Examine my proof: A bijection exists between any two finite nonempty sets that share the same number of elements

Question

I was told to prove or disprove that if the two finite, nonempty sets $X$ and $Y$ have the same number of elements, then there is a one-to-one function from each element of $X$ to each element of $Y$.

I was trying to prove it using mathematical induction in the following way:

Base Case: There is a bijection between $\{x\}$ and $\{y\}$: $f(x)=y$, $f^{-1} (y)=x$.

Assumption: There is a bijection between the sets $A$ and $B$, and $A$ and $B$ are finite, nonempty and have the same number of elements.

Inductive Step: Therefore, $A\cup\{x\}$ and $B\cup\{y\}$ have a bijection if $x\not\in A$ and $y\not\in B$.

Here's me proving the inductive step:

A pair of functions $f$ and $f^{-1}$ exists that links every element of $A$ to $B$ and $B$ to $A$.

With it, a bijection $g$ and $g^{-1}$ can be constructed between $A\cup\{x\}$ and $B\cup\{y\}$. If $a\in A\cup\{x\}$ and $b\in B\cup\{y\}$, then $g$ is defined as follows:

1. $g(a) = f(a)$ if $a\neq x$
2. $g(a) = y$ if $a=x$
3. $g^{-1} (b) = f^{-1} (b)$ if $b\neq y$
4. $g^{-1} (b) = x$ if $b=y$

Then $y$ has only one input in $A$ that points to it, so $g$ is one-to-one.

Exactly the same can be said about $g^{-1}$. $x$ has only one input in $B$, so $g^{-1}$ is one-to-one as well.

Lastly, since $g(x)=y$, and $g^{-1} (y) = x$, $f$ and $f^{-1}$ are inverses, $g$ and $g^{-1}$ are inverses.

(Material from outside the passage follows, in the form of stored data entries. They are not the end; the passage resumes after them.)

(* Let $R$ be a commutative ring and $I$ an ideal of $R$ with $I\subseteq J(R)$. Then $R$ is locally stable if and only if $R/I$ is locally stable.
   Context: All rings are commutative with identity; $J(R)$ is the Jacobson radical. A ring $S$ has stable range 1 if whenever $aS+bS=S$ there is $y\in S$ with $a+by$ a unit. $S$ is locally stable if whenever $a,b\in S$ with $aS+bS=S$ there is $y\in S$ such that $S/(a+by)S$ has stable range 1. *)

theory Defs
  imports "HOL-Algebra.Algebra"
begin

text \<open>Jacobson radical of a commutative ring: intersection of all maximal ideals
  (equal to the whole carrier for the zero ring).\<close>
definition jacobson_radical :: "('a, 'b) ring_scheme \<Rightarrow> 'a set" where
  "jacobson_radical R = carrier R \<inter> \<Inter> {M. maximalideal M R}"

definition stable_range_1 :: "('a, 'b) ring_scheme \<Rightarrow> bool" where
  "stable_range_1 S \<longleftrightarrow>
     (\<forall>a\<in>carrier S. \<forall>b\<in>carrier S.
        {a \<otimes>\<^bsub>S\<^esub> x \<oplus>\<^bsub>S\<^esub> b \<otimes>\<^bsub>S\<^esub> z | x z. x \<in> carrier S \<and> z \<in> carrier S} = carrier S
        \<longrightarrow> (\<exists>y\<in>carrier S. a \<oplus>\<^bsub>S\<^esub> b \<otimes>\<^bsub>S\<^esub> y \<in> Units S))"

definition locally_stable :: "('a, 'b) ring_scheme \<Rightarrow> bool" where
  "locally_stable S \<longleftrightarrow>
     (\<forall>a\<in>carrier S. \<forall>b\<in>carrier S.
        {a \<otimes>\<^bsub>S\<^esub> x \<oplus>\<^bsub>S\<^esub> b \<otimes>\<^bsub>S\<^esub> z | x z. x \<in> carrier S \<and> z \<in> carrier S} = carrier S
        \<longrightarrow> (\<exists>y\<in>carrier S. stable_range_1 (S Quot (PIdl\<^bsub>S\<^esub> (a \<oplus>\<^bsub>S\<^esub> b \<otimes>\<^bsub>S\<^esub> y)))))"

end

theory Submission
  imports Defs
begin

text \<open>Stable range 1 of a quotient \<open>R/K\<close> and comaximality can both be phrased in \<open>R\<close>
  through elements that are invertible modulo \<open>K\<close>. Since \<open>1 + i\<close> is a unit for
  \<open>i \<in> J(R)\<close>, invertibility modulo \<open>L + I\<close> agrees with invertibility modulo \<open>L\<close> whenever
  \<open>I \<subseteq> J(R)\<close>. With \<open>L = 0\<close> this says that a pair is comaximal in \<open>R/I\<close> iff it lifts to a
  comaximal pair of \<open>R\<close>; with \<open>L = cR\<close> it says that \<open>(R/I)/(c + I)\<close> has stable range 1 iff
  \<open>R/cR\<close> does. These are the only two ingredients of local stability.\<close>

definition unit_mod :: "('a, 'b) ring_scheme \<Rightarrow> 'a set \<Rightarrow> 'a \<Rightarrow> bool" where
  "unit_mod R K w \<longleftrightarrow> (\<exists>u\<in>carrier R. w \<otimes>\<^bsub>R\<^esub> u \<ominus>\<^bsub>R\<^esub> \<one>\<^bsub>R\<^esub> \<in> K)"

definition stable_range_1_mod :: "('a, 'b) ring_scheme \<Rightarrow> 'a set \<Rightarrow> bool" where
  "stable_range_1_mod R K \<longleftrightarrow> (\<forall>a\<in>carrier R. \<forall>b\<in>carrier R.
     (\<exists>x\<in>carrier R. \<exists>z\<in>carrier R. unit_mod R K (a \<otimes>\<^bsub>R\<^esub> x \<oplus>\<^bsub>R\<^esub> b \<otimes>\<^bsub>R\<^esub> z))
     \<longrightarrow> (\<exists>y\<in>carrier R. unit_mod R K (a \<oplus>\<^bsub>R\<^esub> b \<otimes>\<^bsub>R\<^esub> y)))"

lemma (in cring) unit_mod_zero_iff:
  assumes "w \<in> carrier R"
  shows "unit_mod R {\<zero>} w \<longleftrightarrow> w \<in> Units R"
  using assms by (auto simp: unit_mod_def Units_def m_comm)

lemma (in cring) comaximal_iff_unit_mod_zero:
  assumes a: "a \<in> carrier R" and b: "b \<in> carrier R"
  shows "{a \<otimes> x \<oplus> b \<otimes> z | x z. x \<in> carrier R \<and> z \<in> carrier R} = carrier R
     \<longleftrightarrow> (\<exists>x\<in>carrier R. \<exists>z\<in>carrier R. unit_mod R {\<zero>} (a \<otimes> x \<oplus> b \<otimes> z))"
    (is "?comb = carrier R \<longleftrightarrow> _")
proof
  assume "?comb = carrier R"
  then have "\<one> \<in> ?comb" by simp
  then obtain x z where xz: "x \<in> carrier R" "z \<in> carrier R" "a \<otimes> x \<oplus> b \<otimes> z = \<one>"
    unfolding mem_Collect_eq by (elim exE conjE) (rule that, simp_all)
  then show "\<exists>x\<in>carrier R. \<exists>z\<in>carrier R. unit_mod R {\<zero>} (a \<otimes> x \<oplus> b \<otimes> z)"
    unfolding unit_mod_def by (intro bexI[of _ x] bexI[of _ z] bexI[of _ \<one>]) simp_all
next
  assume "\<exists>x\<in>carrier R. \<exists>z\<in>carrier R. unit_mod R {\<zero>} (a \<otimes> x \<oplus> b \<otimes> z)"
  then obtain x z u where xzu: "x \<in> carrier R" "z \<in> carrier R" "u \<in> carrier R"
    and "(a \<otimes> x \<oplus> b \<otimes> z) \<otimes> u \<ominus> \<one> = \<zero>"
    unfolding unit_mod_def singleton_iff by (elim bexE) (rule that)
  then have one: "(a \<otimes> x \<oplus> b \<otimes> z) \<otimes> u = \<one>"
    using a b by (simp add: r_right_minus_eq)
  show "?comb = carrier R"
  proof (intro equalityI subsetI)
    fix r assume r: "r \<in> carrier R"
    have "r = (a \<otimes> x \<oplus> b \<otimes> z) \<otimes> u \<otimes> r"
      using one r by simp
    also have "\<dots> = a \<otimes> (x \<otimes> u \<otimes> r) \<oplus> b \<otimes> (z \<otimes> u \<otimes> r)"
      using xzu a b r by algebra
    finally show "r \<in> ?comb"
      using xzu r by blast
  qed (use a b in blast)
qed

Are there logical holes in this attempted proof?

Answer 1

I think the ideas in your proof are basically ok, but there are nevertheless a couple of problems with it:

1. As the proof is worded you've strictly speaking proved the result only for the particular sets $\ A\ $ and $\ B\ $ which you've built up from your initial single-element sets by adding a succession of elements $\ x\ $ and $\ y\ $ to them. A proper proof for any arbitrary pair of sets with the same number of elements should be worded slightly differently.
2. (Relating to the issues raised by Brian Moehring in his comment) In using a proof by induction, you've implicitly assumed that two finite sets with the same number of elements must both contain exactly $\ n\ $ elements for some positive integer $\ n\ $. Since that assumption is actually correct, there's nothing really wrong with it, but a set's containing exactly $\ n\ $ elements means precisely that there's a bijection between that set and the set $\{1,2, \dots, n\}\ $, and if there is such a pair of bijections $\ \varphi_A:A\rightarrow\{1,2, \dots, n\}\ $ and $\ \varphi_B:B\rightarrow\{1,2, \dots, n\}\ $, then $\ \varphi_B^{-1}\varphi_A\ $ is a bijection from $\ A\ $ to $ \ B\ $ and $\ \varphi_A^{-1}\varphi_B\ $ is a bijection from $\ B\ $ to $ \ A\ $. Your desired conclusion therefore follows almost immediately from the definition of what it means to contain the same number of elements, thus making all the extra steps necessary to complete a proof by induction unnecessary.

A proper wording of your induction hypothesis, as referred to in item $1$ above, would be something like: "Let $\ n\ $ be any positive integer such that there is a bijection between any pair of sets which both contain exactly $\ n\ $ elements." To prove the induction step you would then have to take any pair of sets $\ A\ $ and $\ B\ $ which both contain exactly $\ n+1\ $ elements, and prove that there's a bijection between them. As pointed out in item $2$ above, you don't actually need to invoke the the induction hypothesis to draw this conclusion, but you could do so if you wish by simply removing one element $\ x\ $ from $\ A\ $ and one element $\ y\ $ from $\ B\ $. Since $\ A\setminus\{x\}\ $ and $\ B\setminus\{y\}\ $ both contain exactly $\ n\ $ elements, they satisfy the conditions of the induction hypothesis, and you can then proceed to construct the bijection from $\ A\ $ to $\ B\ $ in exactly the same way that you did in your proof.